Tuesday, November 25, 2008

Search for the Ice Tray

It's easy to take for granted certain things that i'm used to being able to find anywhere. One thing that i developed an almost immediate craving for was popcorn. Not the microwave crap, but kernels. I want to make it on the stove and add butter and salt, the way the Indians used to. Like most things, i eventually found them at a special store dedicated to things Chinese don't need.

Another example: ice trays. I started with the local grocery, near my house. It has three floors and one floor is all housewares and clothing. It's ice-traylessness was overwhelming.

Next stop: the foreign grocery. You can find all kinds of great comfort food, cereal, spaghetti, Tabasco sauce, tortilla chips, salsa, and real cheese, as well as forks and spoons. But if ice trays are what you seek, you'll find this place woefully deficient. They did have those medicine dispensers that separate all your pills for the whole week... and i seriously considered just breaking off all the tabs. But it was far too expensive to justify. So I asked my friends where to go and they pointed me to Ikea, which is the equivalent of a day-trip. No, not going all the way to Ikea for that.
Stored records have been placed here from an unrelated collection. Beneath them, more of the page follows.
lemma gen_op_domQ:
  assumes "valid_gen g" and "\<psi> \<in> domQ"
  shows "gen_op g \<psi> \<in> domQ"
proof -
  have "in_l2 (gen_op g (Qop \<psi>))" and "in_l2 (gen_op g \<psi>)"
    using assms gen_op_l2 by (auto simp: domQ_def)
  then have "in_l2 (Qop (gen_op g \<psi>))"
    by (rule l2_dominated(1)[of _ _ 1 1]) (simp_all add: Qop_gen_op_bound)
  then show ?thesis
    using \<open>in_l2 (gen_op g \<psi>)\<close> by (simp add: domQ_def)
qed

lemma gen_op_scale_state: "gen_op g (scale_state c \<psi>) = scale_state c (gen_op g \<psi>)"
  by (cases g) (auto simp: Splus_def Sminus_def coin_op_def scale_state_def fun_eq_iff
      sum_distrib_left mult.left_commute)

(* Walks are unitary, but the argument only uses homogeneity and contractivity on dom Q. *)
definition homogeneous_contraction :: "(state \<Rightarrow> state) \<Rightarrow> bool" where
  "homogeneous_contraction W \<longleftrightarrow>
     (\<forall>c \<psi>. W (scale_state c \<psi>) = scale_state c (W \<psi>)) \<and>
     (\<forall>\<psi>\<in>domQ. W \<psi> \<in> domQ \<and> l2norm (W \<psi>) \<le> l2norm \<psi>)"

lemma homogeneous_contraction_id: "homogeneous_contraction id"
  by (simp add: homogeneous_contraction_def)

lemma homogeneous_contraction_comp:
  assumes "homogeneous_contraction W" and "homogeneous_contraction V"
  shows "homogeneous_contraction (W \<circ> V)"
proof -
  have "W (V (scale_state c \<psi>)) = scale_state c (W (V \<psi>))" for c \<psi>
    using assms by (simp add: homogeneous_contraction_def)
  moreover have "W (V \<psi>) \<in> domQ \<and> l2norm (W (V \<psi>)) \<le> l2norm \<psi>" if "\<psi> \<in> domQ" for \<psi>
    using assms that unfolding homogeneous_contraction_def by (meson order.trans)
  ultimately show ?thesis
    by (simp add: homogeneous_contraction_def)
qed

lemma homogeneous_contraction_funpow:
  "homogeneous_contraction W \<Longrightarrow> homogeneous_contraction (W ^^ n)"
  by (induction n) (simp_all only: funpow.simps homogeneous_contraction_id homogeneous_contraction_comp)

lemma homogeneous_contraction_gen_op:
  assumes "valid_gen g"
  shows "homogeneous_contraction (gen_op g)"
proof -
  have "gen_op g \<psi> \<in> domQ \<and> l2norm (gen_op g \<psi>) \<le> l2norm \<psi>" if "\<psi> \<in> domQ" for \<psi>
    using assms that gen_op_domQ gen_op_l2(2) by (simp add: domQ_def)
  then show ?thesis
    by (simp add: homogeneous_contraction_def gen_op_scale_state)
qed

lemma homogeneous_contraction_walk_op:
  "is_walk gs \<Longrightarrow> homogeneous_contraction (walk_op gs)"
proof (induction gs)
  case Nil
  show ?case
    using homogeneous_contraction_id by (simp add: walk_op_def id_def)
next
  case (Cons g gs)
  then have "homogeneous_contraction (gen_op g)"
    by (simp add: is_walk_def homogeneous_contraction_gen_op)
  moreover have "homogeneous_contraction (walk_op gs)"
    using Cons by (simp add: is_walk_def)
  moreover have "walk_op (g # gs) = gen_op g \<circ> walk_op gs"
    by (simp add: walk_op_def)
  ultimately show ?case
    by (metis homogeneous_contraction_comp)
qed

section \<open>Even and odd sublattices\<close>

definition even_part :: "state \<Rightarrow> state" where
  "even_part \<psi> = (\<lambda>k. \<psi> (2 * k))"

definition odd_part :: "state \<Rightarrow> state" where
  "odd_part \<psi> = (\<lambda>k. \<psi> (2 * k + 1))"

definition interleave :: "state \<Rightarrow> state \<Rightarrow> state" where
  "interleave x y = (\<lambda>n. if even n then x (n div 2) else y (n div 2))"

lemma even_part_interleave [simp]: "even_part (interleave x y) = x"
  by (simp add: even_part_def interleave_def)

lemma odd_part_interleave [simp]: "odd_part (interleave x y) = y"
  by (simp add: odd_part_def interleave_def)

lemma interleave_parts [simp]: "interleave (even_part \<psi>) (odd_part \<psi>) = \<psi>"
  by (auto simp: interleave_def even_part_def odd_part_def fun_eq_iff elim: evenE oddE)

lemma walk_dsum_eq_interleave:
  "walk_dsum W1 W2 \<psi> = interleave (W1 (even_part \<psi>)) (W2 (odd_part \<psi>))"
  by (simp add: walk_dsum_def interleave_def even_part_def odd_part_def fun_eq_iff)

lemma funpow_walk_dsum: "walk_dsum W1 W2 ^^ n = walk_dsum (W1 ^^ n) (W2 ^^ n)"
proof (induction n)
  case 0
  show ?case
    by (rule ext) (simp add: walk_dsum_eq_interleave)
next
  case (Suc n)
  show ?case
    by (rule ext) (simp only: funpow.simps comp_apply Suc.IH, simp add: walk_dsum_eq_interleave)
qed

definition even_site :: "int \<times> bool \<Rightarrow> int \<times> bool" where
  "even_site = (\<lambda>(k, s). (2 * k, s))"

definition odd_site :: "int \<times> bool \<Rightarrow> int \<times> bool" where
  "odd_site = (\<lambda>(k, s). (2 * k + 1, s))"

lemma amp_even_part: "amp (even_part \<psi>) = amp \<psi> \<circ> even_site"
  by (auto simp: even_part_def even_site_def fun_eq_iff)

lemma amp_odd_part: "amp (odd_part \<psi>) = amp \<psi> \<circ> odd_site"
  by (auto simp: odd_part_def odd_site_def fun_eq_iff)

lemma inj_even_site: "inj even_site" and inj_odd_site: "inj odd_site"
  by (auto simp: inj_def even_site_def odd_site_def)

lemma range_even_site_odd_site:
  "range even_site \<inter> range odd_site = {}" "range even_site \<union> range odd_site = UNIV"
proof -
  show "range even_site \<inter> range odd_site = {}"
    by (auto simp: even_site_def odd_site_def) presburger
  have "(n, s) \<in> range even_site \<union> range odd_site" for n s
  proof (cases "even n")
    case True
    then have "(n, s) = even_site (n div 2, s)"
      by (simp add: even_site_def)
    then show ?thesis by blast
  next
    case False
    then have "(n, s) = odd_site (n div 2, s)"
      by (simp add: odd_site_def)
    then show ?thesis by blast
  qed
  then show "range even_site \<union> range odd_site = UNIV"
    by auto
qed

lemma in_l2_iff_parts: "in_l2 \<psi> \<longleftrightarrow> in_l2 (even_part \<psi>) \<and> in_l2 (odd_part \<psi>)"
proof -
  let ?f = "\<lambda>p. (amp \<psi> p)\<^sup>2"
  have "in_l2 (even_part \<psi>) \<longleftrightarrow> ?f summable_on range even_site"
    using summable_on_reindex[OF inj_even_site, of ?f]
    by (simp add: in_l2_iff_summable_amp amp_even_part comp_def)
  moreover have "in_l2 (odd_part \<psi>) \<longleftrightarrow> ?f summable_on range odd_site"
    using summable_on_reindex[OF inj_odd_site, of ?f]
    by (simp add: in_l2_iff_summable_amp amp_odd_part comp_def)
  moreover have "?f summable_on UNIV \<longleftrightarrow> ?f summable_on range even_site \<and> ?f summable_on range odd_site"
    using summable_on_Un_disjoint[OF _ _ range_even_site_odd_site(1), of ?f]
      summable_on_subset_banach[of ?f UNIV]
    by (metis range_even_site_odd_site(2) subset_UNIV)
  ultimately show ?thesis
    by (simp add: in_l2_iff_summable_amp)
qed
I had one more idea: the department store. I'd been there one other time when i needed a pitcher for sangria. It's huge and 6 floors and it's huge. Chinese department stores are unusual, but interesting. In the shoe department for example, there might be Nike, Adidas, and Puma sections, and an employee will be stationed in one section, working on that brand, not for the department store. Each section is responsible for selling a certain thing or brand. The employees there work for that little section and that section leases it's space from the "department store". Maybe. All of this is speculation.

Anyway. The top floor is housewares and i remembered the place i got the pitcher dealt exclusively in plastic stuff. So i went there and browsed. Not locating it on my own i explained i wanted "a thing to make ice". Coupled with the sound effects of twisting/crunching an ice tray to break the cubes and the tinkling sound of dropping into a glass, i conveyed my desire. She dug deep into the random items and pulled out probably the last ice tray, glorious specimen! For $9! Which i was delighted to pay! For this was surely the last ice tray in Beijing.

~Kev

1 comment:

Jenny said...

re:Communist department stores... Granted the Chinese economic system has morphed into something all its own, but the Soviet department stores were similar to what you described (multi-story and highly departmentalized). The goods were all sold by the government, but each department was wholly contained. In Russia you don't get a shopping cart and pay at some central place. You pay as you go. At least that's the way it used to be.